As always, however, it took Dodo only a few minutes, playing on my journalistic ambition and self-proclaimed athletic prowess, to convince me to register for the UWI SPEC International Half-Marathon.

“Best, wha kinda reporter you is? Dat is a big story! Dat could be de back page!” he’d insisted, his big-toothed grin widening with each exclamation. “And hear nah, push come to shove, we could always interview Granny Lucess.”

This was about two weeks before race day. I should have known no good could come of it.

It’s the night before the race, and I’m up until some ridiculous hour, talking to an old friend who’s backpacking across Europe. She’s in Spain, she tells me. I’m missing out on life, I think to myself. I should be backpacking across the Andes.

“Ay, son las siete en punto. Chao!” she tells me just before she hangs up and I fall asleep. She’s right. The time in Trinidad is 2a.m. As I fall asleep, I’m cringing at the thought of running the race tomorrow and secretly hoping that Dodo pulls a Dodo and simply never shows up to awaken me.

Six on the dot, and Dodo’s ringing my doorbell, calling me by my last name.

“Oh gosh, man. Coming!”

“Do fast nah!”

“Yeah, alright!”

Steups. I rummage through some (dirty) running clothes that I’d used to “train” the week before, douse them with some powerful cologne and put them on. It’s too late for breakfast, I decide. Better to run on an empty stomach.

Dodo floors it down to the UWI SPEC, glaring at me when I observe out loud that all the good parking spots have been taken. His mood lightens up once we get out of the car, though, and by the time we line up for the start, he’s back to his usual grinning self, mimicking the voice of the announcer who is reminding athletes that the course runs along the Priority Bus Route, from the UWI, St. Augustine Campus to La Resource junction and back.

The race begins. Runners stare at me with disdain, almost disbelief, doubting that I am single-handedly responsible for the overpowering stench of cologne combined with stale sweat.

“Watch out for Granny Lucess eh,” I hear Dodo say, as he runs past me, disappearing into the bright morning sun which is beaming directly onto my unprotected face. I ignore the idiot, refusing to succumb to the temptation of chasing him.

“Didn’t they say there were water stations?” I wonder to myself, moments later. (Not wearing a watch, I had no way of knowing how long I’d been running.)
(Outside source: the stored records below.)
section \<open>Linear algebra over a division subring\<close>

lemma exists_nonzero_left_solution:
  fixes A :: "'b \<Rightarrow> 'c \<Rightarrow> 'a::division_ring"
  assumes "finite E" "finite U" "card E < card U"
  shows "\<exists>z. (\<exists>t\<in>U. z t \<noteq> 0) \<and> (\<forall>e\<in>E. (\<Sum>t\<in>U. z t * A t e) = 0)"
  using assms
proof (induction E arbitrary: U A rule: finite_induct)
  case empty
  then obtain t where "t \<in> U" by fastforce
  then show ?case by (intro exI[of _ "\<lambda>_. 1"]) auto
next
  case (insert e E)
  show ?case
  proof (cases "\<forall>t\<in>U. A t e = 0")
    case True
    have "card E < card U" using insert by simp
    then have "\<exists>z. (\<exists>t\<in>U. z t \<noteq> 0) \<and> (\<forall>e\<in>E. (\<Sum>t\<in>U. z t * A t e) = 0)"
      using insert.prems by (intro insert.IH) auto
    with True show ?thesis by auto
  next
    case False
    then obtain t0 where t0: "t0 \<in> U" "A t0 e \<noteq> 0" by auto
    define c where "c = A t0 e"
    define U' where "U' = U - {t0}"
    define A' where "A' t e' = A t e' - A t e * inverse c * A t0 e'" for t e'
    have "finite U'" "card E < card U'" using insert t0 by (simp_all add: U'_def)
    then obtain y where y: "\<exists>t\<in>U'. y t \<noteq> 0" "\<forall>e'\<in>E. (\<Sum>t\<in>U'. y t * A' t e') = 0"
      using insert.IH[of U' A'] by auto
    define S where "S e' = (\<Sum>t\<in>U'. y t * A t e')" for e'
    define z where "z t = (if t = t0 then - (S e * inverse c) else y t)" for t
    have split: "(\<Sum>t\<in>U. z t * A t e') = z t0 * A t0 e' + S e'" for e'
    proof -
      have "(\<Sum>t\<in>U. z t * A t e') = z t0 * A t0 e' + (\<Sum>t\<in>U'. z t * A t e')"
        using t0 insert.prems(1) by (simp add: U'_def sum.remove)
      then show ?thesis unfolding S_def by (simp add: z_def U'_def)
    qed
    have "(\<Sum>t\<in>U'. y t * A' t e') = S e' - S e * inverse c * A t0 e'" for e'
      unfolding A'_def S_def by (simp add: algebra_simps sum_subtractf sum_distrib_right mult.assoc)
    then have "\<forall>e'\<in>insert e E. (\<Sum>t\<in>U. z t * A t e') = 0"
      using y(2) t0 unfolding split by (simp add: z_def c_def mult.assoc)
    moreover have "\<exists>t\<in>U. z t \<noteq> 0" using y(1) by (auto simp: z_def U'_def)
    ultimately show ?thesis by blast
  qed
qed

lemma rspan_cong: "(\<And>j. j < n \<Longrightarrow> v j = w j) \<Longrightarrow> rspan K v n = rspan K w n"
  unfolding rspan_def by (metis (no_types, lifting) lessThan_iff sum.cong)

lemma rspan_trailing_zeros:
  assumes "m \<le> n" "\<forall>j. m \<le> j \<longrightarrow> j < n \<longrightarrow> v j = 0"
  shows "rspan K v n \<subseteq> rspan K v m"
proof
  fix w assume "w \<in> rspan K v n"
  then obtain x where x: "\<forall>j<n. x j \<in> K" "w = (\<Sum>j<n. v j * x j)" unfolding rspan_def by auto
  have "w = (\<Sum>j<m. v j * x j)" unfolding x(2) using assms by (intro sum.mono_neutral_right) auto
  then show "w \<in> rspan K v m" using x(1) assms(1) unfolding rspan_def by auto
qed

locale division_subring =
  fixes K :: "'a::division_ring set"
  assumes zero_mem: "0 \<in> K" and one_mem: "1 \<in> K"
    and add_mem: "x \<in> K \<Longrightarrow> y \<in> K \<Longrightarrow> x + y \<in> K"
    and mult_mem: "x \<in> K \<Longrightarrow> y \<in> K \<Longrightarrow> x * y \<in> K"
    and uminus_mem: "x \<in> K \<Longrightarrow> - x \<in> K"
    and inverse_mem: "x \<in> K \<Longrightarrow> inverse x \<in> K"
begin

lemma diff_mem: "x \<in> K \<Longrightarrow> y \<in> K \<Longrightarrow> x - y \<in> K"
  unfolding diff_conv_add_uminus by (intro add_mem uminus_mem)

lemma sum_mem: "(\<And>x. x \<in> A \<Longrightarrow> f x \<in> K) \<Longrightarrow> sum f A \<in> K"
  by (induction A rule: infinite_finite_induct) (simp_all add: zero_mem add_mem)
lemma maxwt_coordinate_subspace:
  "maxwt (coordinate_subspace S :: (('a::{finite,field}) ^ ('n::finite)) set) = card S"
proof -
  let ?V = "coordinate_subspace S :: ('a ^ 'n) set"
  define e :: "'a ^ 'n" where "e = (\<chi> i. if i \<in> S then 1 else 0)"
  have e: "e \<in> ?V"
    unfolding coordinate_subspace_def e_def by simp
  have "wt x \<le> card S" if "x \<in> ?V" for x
    using that unfolding wt_def coordinate_subspace_def by (auto intro!: card_mono)
  then have "maxwt ?V \<le> card S"
    unfolding maxwt_def using e by (intro Max.boundedI) auto
  moreover have "card S \<le> wt e"
    by (rule card_le_wt) (simp add: e_def)
  ultimately show ?thesis
    using wt_le_maxwt[OF e] by linarith
qed

lemma coordinate_subspace_in_anticodes:
  "(coordinate_subspace S :: (('a::{finite,field}) ^ ('n::finite)) set) \<in> anticodes"
  unfolding anticodes_def
  using subspace_substandard_cart[of "\<lambda>i. i \<notin> S"]
  by (simp add: coordinate_subspace_def[symmetric] dim_coordinate_subspace maxwt_coordinate_subspace)

lemma exists_subspace_of_dim:
  fixes W :: "(('a::field) ^ ('n::finite)) set"
  assumes "vec.subspace W" "r \<le> vec.dim W"
  obtains D where "vec.subspace D" "D \<subseteq> W" "vec.dim D = r"
proof -
  obtain B where B: "B \<subseteq> W" "vec.independent B" "card B = vec.dim W"
    by (metis vec.basis_exists)
  obtain B' where B': "B' \<subseteq> B" "card B' = r"
    using obtain_subset_with_card_n[of r B] B(3) assms(2) by auto
  have "vec.span B' \<subseteq> W"
    using B(1) B'(1) assms(1) by (intro vec.span_minimal) auto
  moreover have "vec.dim (vec.span B') = r"
    using vec.dim_span_eq_card_independent vec.independent_mono B(2) B' by metis
  ultimately show ?thesis
    using that vec.subspace_span by blast
qed

lemma anticode_of_subcode:
  fixes D C :: "(('a::{finite,field}) ^ ('n::finite)) set"
  assumes "D \<subseteq> C" "vec.dim D = r"
  shows "\<exists>A\<in>anticodes. r \<le> vec.dim (A \<inter> C) \<and> vec.dim A = card (supp D)"
proof
  let ?A = "coordinate_subspace (supp D) :: ('a ^ 'n) set"
  have "D \<subseteq> ?A \<inter> C"
    using assms(1) subset_coordinate_subspace_supp by blast
  then show "r \<le> vec.dim (?A \<inter> C) \<and> vec.dim ?A = card (supp D)"
    using assms(2) vec.dim_subset dim_coordinate_subspace by metis
qed (rule coordinate_subspace_in_anticodes)

lemma subcode_of_anticode:
  fixes A C :: "(('a::{finite,field}) ^ ('n::finite)) set"
  assumes "CARD('a) \<ge> 3" "vec.subspace C" "A \<in> anticodes" "r \<le> vec.dim (A \<inter> C)"
  obtains D where "vec.subspace D" "D \<subseteq> C" "vec.dim D = r" "card (supp D) \<le> vec.dim A"
proof -
  have "vec.subspace (A \<inter> C)"
    using assms(2,3) vec.subspace_inter unfolding anticodes_def by blast
  then obtain D where D: "vec.subspace D" "D \<subseteq> A \<inter> C" "vec.dim D = r"
    using assms(4) exists_subspace_of_dim by blast
  have "card (supp D) \<le> card (supp A)"
    using D(2) card_supp_mono by blast
  also have "\<dots> \<le> vec.dim A"
    using card_supp_le_dim_if_anticode[OF assms(1,3)] .
  finally show ?thesis
    using that D by blast
qed

lemma Min_eq_if_mutually_dominated:
  fixes X Y :: "'a::linorder set"
  assumes "finite X" "finite Y" "X \<noteq> {}"
    and "\<And>x. x \<in> X \<Longrightarrow> \<exists>y\<in>Y. y \<le> x" "\<And>y. y \<in> Y \<Longrightarrow> \<exists>x\<in>X. x \<le> y"
  shows "Min X = Min Y"
proof -
  have "Y \<noteq> {}"
    using assms(3,4) by blast
  with assms show ?thesis
    by (meson Min_in Min_le antisym order_trans)
qed

theorem theorem2p7:
  fixes C :: "(('a::{finite,field}) ^ ('n::finite)) set" and r :: nat
  assumes "CARD('a) \<ge> 3"
    and "vec.subspace C" and "C \<noteq> {0}"
    and "1 \<le> r" and "r \<le> vec.dim C"
  shows "ghw C r = Min {vec.dim A | A. A \<in> anticodes \<and> vec.dim (A \<inter> C) \<ge> r}"
proof -
  define X where "X = {card (supp D) | D. vec.subspace D \<and> D \<subseteq> C \<and> vec.dim D = r}"
  define Y where "Y = {vec.dim A | A. A \<in> anticodes \<and> vec.dim (A \<inter> C) \<ge> r}"
  have "Min X = Min Y"
  proof (rule Min_eq_if_mutually_dominated)
    show "finite X"
      unfolding X_def by (rule finite_subset[of _ "{..CARD('n)}"]) (auto intro: card_mono)
    show "finite Y"
      unfolding Y_def by (rule finite_subset[of _ "{..CARD('n)}"]) (auto simp: dim_subset_UNIV_cart_gen)
    show "X \<noteq> {}"
      unfolding X_def using exists_subspace_of_dim[OF assms(2,5)] by blast
  next
    fix x assume "x \<in> X"
    then obtain D where "x = card (supp D)" "D \<subseteq> C" "vec.dim D = r"
      unfolding X_def by blast
    then obtain A where "A \<in> anticodes" "r \<le> vec.dim (A \<inter> C)" "vec.dim A = x"
      using anticode_of_subcode by blast
    then have "x \<in> Y"
      unfolding Y_def by blast
    then show "\<exists>y\<in>Y. y \<le> x"
      by blast
  next
    fix y assume "y \<in> Y"
    then obtain A where "y = vec.dim A" "A \<in> anticodes" "r \<le> vec.dim (A \<inter> C)"
      unfolding Y_def by blast
    then obtain D where "vec.subspace D" "D \<subseteq> C" "vec.dim D = r" "card (supp D) \<le> y"
      using subcode_of_anticode[OF assms(1,2)] by blast
    then show "\<exists>x\<in>X. x \<le> y"
      unfolding X_def by blast
  qed
  then show ?thesis
    unfolding ghw_def X_def Y_def .
qed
The rest is a blur. I don’t know if it was dehydration, under-nutrition or a lack of oxygen but the entire experience got lifted into a spiritual dimension. Time itself slowed down and suddenly the whole race made sense on a universal level. The act of running became a picture of existence, a metaphor for the being-ness of all Creation. I heard a voice calling me into the light. Squinting into the distance—and questioning the reason for life—I saw a sign materialise, covered with strange markings. Whatcould it all mean?
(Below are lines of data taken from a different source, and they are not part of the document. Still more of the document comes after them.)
(* Let $m\ge 1$, $N=2^m$, let $\mathcal{A}\subseteq[0,N-1]$ with complement $\mathcal{A}^c=[0,N-1]\setminus\mathcal{A}$, and let $\mathbf{P}\in\mathbb{F}_2^{N\times N}$ be upper triangular with all diagonal entries equal to $1$. Then $$\mathcal{C}_{\mathbf{P}\boldsymbol{G}_N}(\mathcal{A})^{\perp}=\mathcal{C}_{(\mathbf{P}^{t})^{-1}\mathbf{Q}_{\pi}\boldsymbol{G}_N\mathbf{Q}_{\pi}}(\mathcal{A}^c).$$
   Context: $[\ell,u]=\{\ell,\dots,u\}$. $\boldsymbol{G}_N=\begin{pmatrix}1&0\\1&1\end{pmatrix}^{\otimes m}$ over $\mathbb{F}_2$, rows and columns indexed by $0,\dots,N-1$. For $\mathbf{B}\in\mathbb{F}_2^{N\times N}$ and $\mathcal{S}\subseteq[0,N-1]$, $\mathcal{C}_{\mathbf{B}}(\mathcal{S})$ is the binary linear code spanned by the rows of $\mathbf{B}$ indexed by $\mathcal{S}$. $\mathbf{Q}_{\pi}$ is the permutation matrix of the permutation of $[0,N-1]$ swapping $i$ and $N-1-i$. $\perp$ denotes the dual code for the standard inner product over $\mathbb{F}_2$. *)

theory Defs
  imports "Jordan_Normal_Form.Matrix" "HOL-Library.Z2"
begin

definition kron_mat :: "'a::times mat \<Rightarrow> 'a mat \<Rightarrow> 'a mat" where
  "kron_mat A B = mat (dim_row A * dim_row B) (dim_col A * dim_col B)
     (\<lambda>(i,j). A $$ (i div dim_row B, j div dim_col B) * B $$ (i mod dim_row B, j mod dim_col B))"

definition G2 :: "bit mat" where
  "G2 = mat 2 2 (\<lambda>(i,j). if j \<le> i then 1 else 0)"

fun kron_pow :: "bit mat \<Rightarrow> nat \<Rightarrow> bit mat" where
  "kron_pow A 0 = 1\<^sub>m 1"
| "kron_pow A (Suc k) = kron_mat A (kron_pow A k)"

definition G_N :: "nat \<Rightarrow> bit mat" where
  "G_N m = kron_pow G2 m"

definition Q_pi :: "nat \<Rightarrow> bit mat" where
  "Q_pi N = mat N N (\<lambda>(i,j). if j = N - 1 - i then 1 else 0)"

definition row_code :: "bit mat \<Rightarrow> nat set \<Rightarrow> bit vec set" where
  "row_code B S = {v. \<exists>c :: nat \<Rightarrow> bit.
      v = vec (dim_col B) (\<lambda>j. \<Sum>i\<in>S. c i * B $$ (i, j))}"

definition dual_code :: "nat \<Rightarrow> bit vec set \<Rightarrow> bit vec set" where
  "dual_code n C = {v \<in> carrier_vec n. \<forall>w\<in>C. v \<bullet> w = 0}"

definition mat_inv :: "bit mat \<Rightarrow> bit mat" where
  "mat_inv A = (SOME B. B \<in> carrier_mat (dim_row A) (dim_row A) \<and> inverts_mat A B \<and> inverts_mat B A)"

end

theory Submission
  imports Defs "Jordan_Normal_Form.Determinant"
begin

text \<open>
  The reversal permutation of size \<open>p q\<close> is the Kronecker product of the reversals of sizes
  \<open>p\<close> and \<open>q\<close>, so the mixed-product rule lifts the \<open>2 \<times> 2\<close> identity
  \<open>G\<^sub>2 Q\<^sub>\<pi> G\<^sub>2\<^sup>t = Q\<^sub>\<pi>\<close> over \<open>\<bbbF>\<^sub>2\<close> to
  \<open>G\<^sub>N Q\<^sub>\<pi> G\<^sub>N\<^sup>t = Q\<^sub>\<pi>\<close>. Consequently \<open>X = P G\<^sub>N\<close> and
  \<open>Y = (P\<^sup>t)\<^sup>-\<^sup>1 Q\<^sub>\<pi> G\<^sub>N Q\<^sub>\<pi>\<close> satisfy \<open>X Y\<^sup>t = I\<close>, hence also
  \<open>Y\<^sup>t X = I\<close>. A vector \<open>v\<close> is orthogonal to the rows of \<open>X\<close> indexed by \<open>\<A>\<close>
  iff \<open>X v\<close> vanishes on \<open>\<A>\<close>, and then \<open>v = Y\<^sup>t (X v)\<close> is a combination of the rows
  of \<open>Y\<close> indexed by the complement; conversely \<open>X Y\<^sup>t c = c\<close>.
\<close>

text \<open>The simp rules of \<open>Z2\<close> turn sums and products of bits into xor and conjunction;
  the proofs below reason with the field laws instead.\<close>
declare add_bit_eq_xor[simp del] mult_bit_eq_and[simp del]

lemma sum_lessThan_mult_nat:
  fixes p q :: nat
  shows "(\<Sum>l<p * q. f l) = (\<Sum>a<p. \<Sum>b<q. f (a * q + b))"
proof (induction p)
  case (Suc p)
  have "(\<Sum>l<Suc p * q. f l) = (\<Sum>l<p * q. f l) + (\<Sum>l = p * q..<p * q + q. f l)"
    by (simp add: lessThan_atLeast0 sum.atLeastLessThan_concat add.commute)
  moreover have "(\<Sum>l = p * q..<p * q + q. f l) = (\<Sum>b<q. f (p * q + b))"
    using sum.shift_bounds_nat_ivl[of f 0 "p * q" q] by (simp add: lessThan_atLeast0 add.commute)
  ultimately show ?case
    using Suc by simp
qed simp

lemma index_kron_mat:
  assumes "A \<in> carrier_mat r c" "B \<in> carrier_mat r' c'" "i < r * r'" "j < c * c'"
  shows "kron_mat A B $$ (i, j) = A $$ (i div r', j div c') * B $$ (i mod r', j mod c')"
  using assms by (simp add: kron_mat_def)

lemma kron_mat_mult:
  fixes A C :: "'a::comm_semiring_0 mat"
  assumes A: "A \<in> carrier_mat r p" and B: "B \<in> carrier_mat r' q"
    and C: "C \<in> carrier_mat p s" and D: "D \<in> carrier_mat q s'"
  shows "kron_mat A B * kron_mat C D = kron_mat (A * C) (B * D)"
proof (rule eq_matI)
  fix i j assume "i < dim_row (kron_mat (A * C) (B * D))" "j < dim_col (kron_mat (A * C) (B * D))"
  then have i: "i < r * r'" and j: "j < s * s'" using A B C D by (simp_all add: kron_mat_def)
  then have idx: "i div r' < r" "i mod r' < r'" "j div s' < s" "j mod s' < s'"
    by (auto simp: less_mult_imp_div_less mult.commute intro!: mod_less_divisor Nat.gr0I)
  have "(kron_mat A B * kron_mat C D) $$ (i, j)
      = (\<Sum>l<p * q. kron_mat A B $$ (i, l) * kron_mat C D $$ (l, j))"
    using A B C D i j by (simp add: kron_mat_def scalar_prod_def lessThan_atLeast0)
  also have "\<dots> = (\<Sum>a<p. \<Sum>b<q.
      (A $$ (i div r', a) * C $$ (a, j div s')) * (B $$ (i mod r', b) * D $$ (b, j mod s')))"
  proof -
    have "a * q + b < p * q" "(a * q + b) div q = a" "(a * q + b) mod q = b" if "a < p" "b < q" for a b
    proof -
      have "a * q + b < Suc a * q" using that by simp
      also have "\<dots> \<le> p * q" using that by (intro mult_le_mono1) simp
      finally show "a * q + b < p * q" .
    qed (use that in simp_all)
    then show ?thesis
      unfolding sum_lessThan_mult_nat
      using A B C D i j by (intro sum.cong refl) (simp add: index_kron_mat mult_ac)
  qed
  also have "\<dots> = kron_mat (A * C) (B * D) $$ (i, j)"
    using A B C D i j idx by (simp add: kron_mat_def scalar_prod_def lessThan_atLeast0 sum_product)
  finally show "(kron_mat A B * kron_mat C D) $$ (i, j) = kron_mat (A * C) (B * D) $$ (i, j)" .
qed (use A B C D in \<open>simp_all add: kron_mat_def\<close>)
The sign, it turned out, was a milemarker— the first of thirteen, I recalled from the pre-race announcements.

“You mean all that was one mile!?” I shout out loud, to the amusement of everyone within earshot. I determine to abort the mission and return to the SPEC but discover that my legs are reluctant to stop and my pride strongly disinclined to turn around. I compromise by decelerating to a slow walk, cursing the day Dodo was born and wondering how I would ever live it down if Granny Lucess ran by me.